— Work to complete —
In the data below, find the line that contains "((\<chi> i j. case (i, j) of" and the line that contains "(\<chi> i. case". Copy both, plus every line between them, exactly.
··· Provided data
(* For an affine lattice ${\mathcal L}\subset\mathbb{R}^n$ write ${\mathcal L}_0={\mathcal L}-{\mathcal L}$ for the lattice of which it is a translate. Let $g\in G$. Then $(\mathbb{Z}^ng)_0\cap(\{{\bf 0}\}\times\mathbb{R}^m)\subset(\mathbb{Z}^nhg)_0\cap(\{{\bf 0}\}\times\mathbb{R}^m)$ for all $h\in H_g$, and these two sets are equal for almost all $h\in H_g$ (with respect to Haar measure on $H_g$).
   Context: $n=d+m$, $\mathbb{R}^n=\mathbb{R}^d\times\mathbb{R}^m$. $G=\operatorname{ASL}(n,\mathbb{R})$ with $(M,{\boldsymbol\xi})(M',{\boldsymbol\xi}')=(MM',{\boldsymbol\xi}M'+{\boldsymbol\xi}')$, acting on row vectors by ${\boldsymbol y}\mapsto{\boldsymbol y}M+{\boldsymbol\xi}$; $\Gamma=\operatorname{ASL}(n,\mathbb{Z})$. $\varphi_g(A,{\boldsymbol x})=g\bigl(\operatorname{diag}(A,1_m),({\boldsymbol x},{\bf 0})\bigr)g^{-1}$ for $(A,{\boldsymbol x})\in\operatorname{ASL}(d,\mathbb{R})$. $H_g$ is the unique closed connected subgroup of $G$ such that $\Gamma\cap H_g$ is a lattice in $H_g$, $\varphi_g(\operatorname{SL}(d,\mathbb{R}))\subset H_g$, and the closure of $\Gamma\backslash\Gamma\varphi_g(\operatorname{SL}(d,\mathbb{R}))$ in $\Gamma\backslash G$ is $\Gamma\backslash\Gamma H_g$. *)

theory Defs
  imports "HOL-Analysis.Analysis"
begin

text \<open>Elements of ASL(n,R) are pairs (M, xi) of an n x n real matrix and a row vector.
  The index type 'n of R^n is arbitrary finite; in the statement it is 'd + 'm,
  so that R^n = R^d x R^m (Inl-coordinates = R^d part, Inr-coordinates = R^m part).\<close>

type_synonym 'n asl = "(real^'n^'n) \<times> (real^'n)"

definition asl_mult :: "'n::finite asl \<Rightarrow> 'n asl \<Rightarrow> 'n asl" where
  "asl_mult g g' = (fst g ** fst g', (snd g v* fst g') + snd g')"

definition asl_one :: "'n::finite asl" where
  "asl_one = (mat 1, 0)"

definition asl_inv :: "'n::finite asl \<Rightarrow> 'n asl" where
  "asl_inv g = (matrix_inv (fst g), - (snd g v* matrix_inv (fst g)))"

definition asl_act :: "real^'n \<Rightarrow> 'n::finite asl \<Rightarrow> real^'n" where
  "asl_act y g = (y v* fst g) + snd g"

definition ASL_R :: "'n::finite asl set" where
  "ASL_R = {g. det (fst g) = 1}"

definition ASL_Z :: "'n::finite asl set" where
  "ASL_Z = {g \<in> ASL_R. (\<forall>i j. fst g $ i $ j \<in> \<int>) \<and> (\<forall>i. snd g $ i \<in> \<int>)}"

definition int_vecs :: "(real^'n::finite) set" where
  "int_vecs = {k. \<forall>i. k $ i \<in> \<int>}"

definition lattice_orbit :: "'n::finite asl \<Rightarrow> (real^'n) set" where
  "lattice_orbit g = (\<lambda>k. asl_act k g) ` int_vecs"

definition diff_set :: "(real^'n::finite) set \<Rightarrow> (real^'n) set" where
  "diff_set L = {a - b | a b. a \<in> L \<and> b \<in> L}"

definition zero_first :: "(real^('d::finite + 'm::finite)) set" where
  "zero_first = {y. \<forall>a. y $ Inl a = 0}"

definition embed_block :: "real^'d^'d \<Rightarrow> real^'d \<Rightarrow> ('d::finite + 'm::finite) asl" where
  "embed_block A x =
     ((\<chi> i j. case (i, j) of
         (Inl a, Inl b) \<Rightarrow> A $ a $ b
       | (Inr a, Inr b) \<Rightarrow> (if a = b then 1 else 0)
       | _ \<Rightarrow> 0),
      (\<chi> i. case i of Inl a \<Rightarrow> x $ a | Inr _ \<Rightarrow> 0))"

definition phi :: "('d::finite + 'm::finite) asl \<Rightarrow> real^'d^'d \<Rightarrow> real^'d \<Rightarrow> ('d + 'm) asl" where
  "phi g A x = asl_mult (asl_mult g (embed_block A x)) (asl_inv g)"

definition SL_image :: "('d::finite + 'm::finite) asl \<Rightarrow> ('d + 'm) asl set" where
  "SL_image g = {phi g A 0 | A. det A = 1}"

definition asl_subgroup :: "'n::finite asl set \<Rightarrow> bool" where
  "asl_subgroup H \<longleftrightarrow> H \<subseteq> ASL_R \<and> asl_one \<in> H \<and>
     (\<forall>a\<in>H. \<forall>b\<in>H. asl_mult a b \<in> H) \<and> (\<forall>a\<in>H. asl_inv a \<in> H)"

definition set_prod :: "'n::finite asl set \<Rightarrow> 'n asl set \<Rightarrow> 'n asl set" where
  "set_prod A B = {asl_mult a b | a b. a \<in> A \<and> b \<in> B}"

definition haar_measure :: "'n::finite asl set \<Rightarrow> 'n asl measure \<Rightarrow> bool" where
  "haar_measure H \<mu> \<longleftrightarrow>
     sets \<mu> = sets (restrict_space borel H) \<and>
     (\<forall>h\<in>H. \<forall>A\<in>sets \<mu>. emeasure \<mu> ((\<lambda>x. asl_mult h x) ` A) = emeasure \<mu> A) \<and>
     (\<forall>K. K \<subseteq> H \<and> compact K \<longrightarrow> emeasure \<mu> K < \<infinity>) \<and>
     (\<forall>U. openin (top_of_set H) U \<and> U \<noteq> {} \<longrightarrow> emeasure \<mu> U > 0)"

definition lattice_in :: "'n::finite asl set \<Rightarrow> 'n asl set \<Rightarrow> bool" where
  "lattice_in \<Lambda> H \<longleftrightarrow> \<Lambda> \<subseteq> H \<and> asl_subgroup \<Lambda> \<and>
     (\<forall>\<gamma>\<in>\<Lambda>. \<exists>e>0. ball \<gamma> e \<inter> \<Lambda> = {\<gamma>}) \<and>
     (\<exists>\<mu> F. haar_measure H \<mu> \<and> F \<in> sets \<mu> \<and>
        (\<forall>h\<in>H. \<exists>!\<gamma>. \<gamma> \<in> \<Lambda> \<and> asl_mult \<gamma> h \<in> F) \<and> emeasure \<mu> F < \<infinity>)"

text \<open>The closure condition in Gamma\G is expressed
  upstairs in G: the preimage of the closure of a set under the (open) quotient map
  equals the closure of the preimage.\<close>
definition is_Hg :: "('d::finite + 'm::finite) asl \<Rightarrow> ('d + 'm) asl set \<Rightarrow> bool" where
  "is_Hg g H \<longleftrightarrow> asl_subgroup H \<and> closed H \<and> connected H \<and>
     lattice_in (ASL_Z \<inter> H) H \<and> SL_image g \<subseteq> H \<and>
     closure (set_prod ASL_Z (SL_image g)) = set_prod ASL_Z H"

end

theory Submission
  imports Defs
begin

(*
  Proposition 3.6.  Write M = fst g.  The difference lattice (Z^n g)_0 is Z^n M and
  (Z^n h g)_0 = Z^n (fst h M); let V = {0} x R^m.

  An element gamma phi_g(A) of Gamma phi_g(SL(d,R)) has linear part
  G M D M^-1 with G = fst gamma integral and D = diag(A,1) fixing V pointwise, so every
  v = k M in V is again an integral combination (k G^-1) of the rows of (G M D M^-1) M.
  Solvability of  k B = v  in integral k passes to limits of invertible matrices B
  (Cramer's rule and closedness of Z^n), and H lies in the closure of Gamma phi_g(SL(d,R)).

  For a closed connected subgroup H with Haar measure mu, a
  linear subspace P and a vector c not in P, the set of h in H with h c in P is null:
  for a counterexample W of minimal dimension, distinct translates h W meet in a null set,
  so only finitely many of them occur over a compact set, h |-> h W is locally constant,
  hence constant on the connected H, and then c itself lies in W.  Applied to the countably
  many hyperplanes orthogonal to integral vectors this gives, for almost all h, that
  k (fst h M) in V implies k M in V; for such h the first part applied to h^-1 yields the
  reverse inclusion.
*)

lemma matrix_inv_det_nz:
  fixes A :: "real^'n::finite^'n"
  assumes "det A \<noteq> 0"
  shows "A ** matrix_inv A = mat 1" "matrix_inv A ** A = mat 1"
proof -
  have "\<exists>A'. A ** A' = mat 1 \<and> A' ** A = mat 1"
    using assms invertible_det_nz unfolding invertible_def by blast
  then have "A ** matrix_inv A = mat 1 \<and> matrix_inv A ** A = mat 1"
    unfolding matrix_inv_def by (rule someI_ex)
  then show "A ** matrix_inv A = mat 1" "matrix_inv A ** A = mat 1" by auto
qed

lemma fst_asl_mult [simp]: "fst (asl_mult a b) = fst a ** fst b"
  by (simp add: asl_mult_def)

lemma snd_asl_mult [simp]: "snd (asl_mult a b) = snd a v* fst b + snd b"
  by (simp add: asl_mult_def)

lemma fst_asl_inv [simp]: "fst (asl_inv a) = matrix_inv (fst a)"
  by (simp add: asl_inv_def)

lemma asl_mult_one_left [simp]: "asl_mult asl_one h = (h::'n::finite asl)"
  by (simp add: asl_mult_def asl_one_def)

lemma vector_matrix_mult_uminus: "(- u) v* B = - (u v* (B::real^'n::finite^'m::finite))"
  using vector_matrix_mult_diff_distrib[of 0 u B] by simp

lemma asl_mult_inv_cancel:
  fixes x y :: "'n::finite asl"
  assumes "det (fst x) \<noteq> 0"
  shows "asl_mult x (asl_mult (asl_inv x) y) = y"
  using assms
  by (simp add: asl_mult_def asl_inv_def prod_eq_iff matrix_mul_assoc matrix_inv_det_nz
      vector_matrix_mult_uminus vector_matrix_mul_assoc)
······
— Response box —
     ((\<chi> i j. case (i, j) of
         (Inl a, Inl b) \<Rightarrow> A $ a $ b
       | (Inr a, Inr b) \<Rightarrow> (if a = b then 1 else 0)
       | _ \<Rightarrow> 0),
      (\<chi> i. case i of Inl a \<Rightarrow> x $ a | Inr _ \<Rightarrow> 0))"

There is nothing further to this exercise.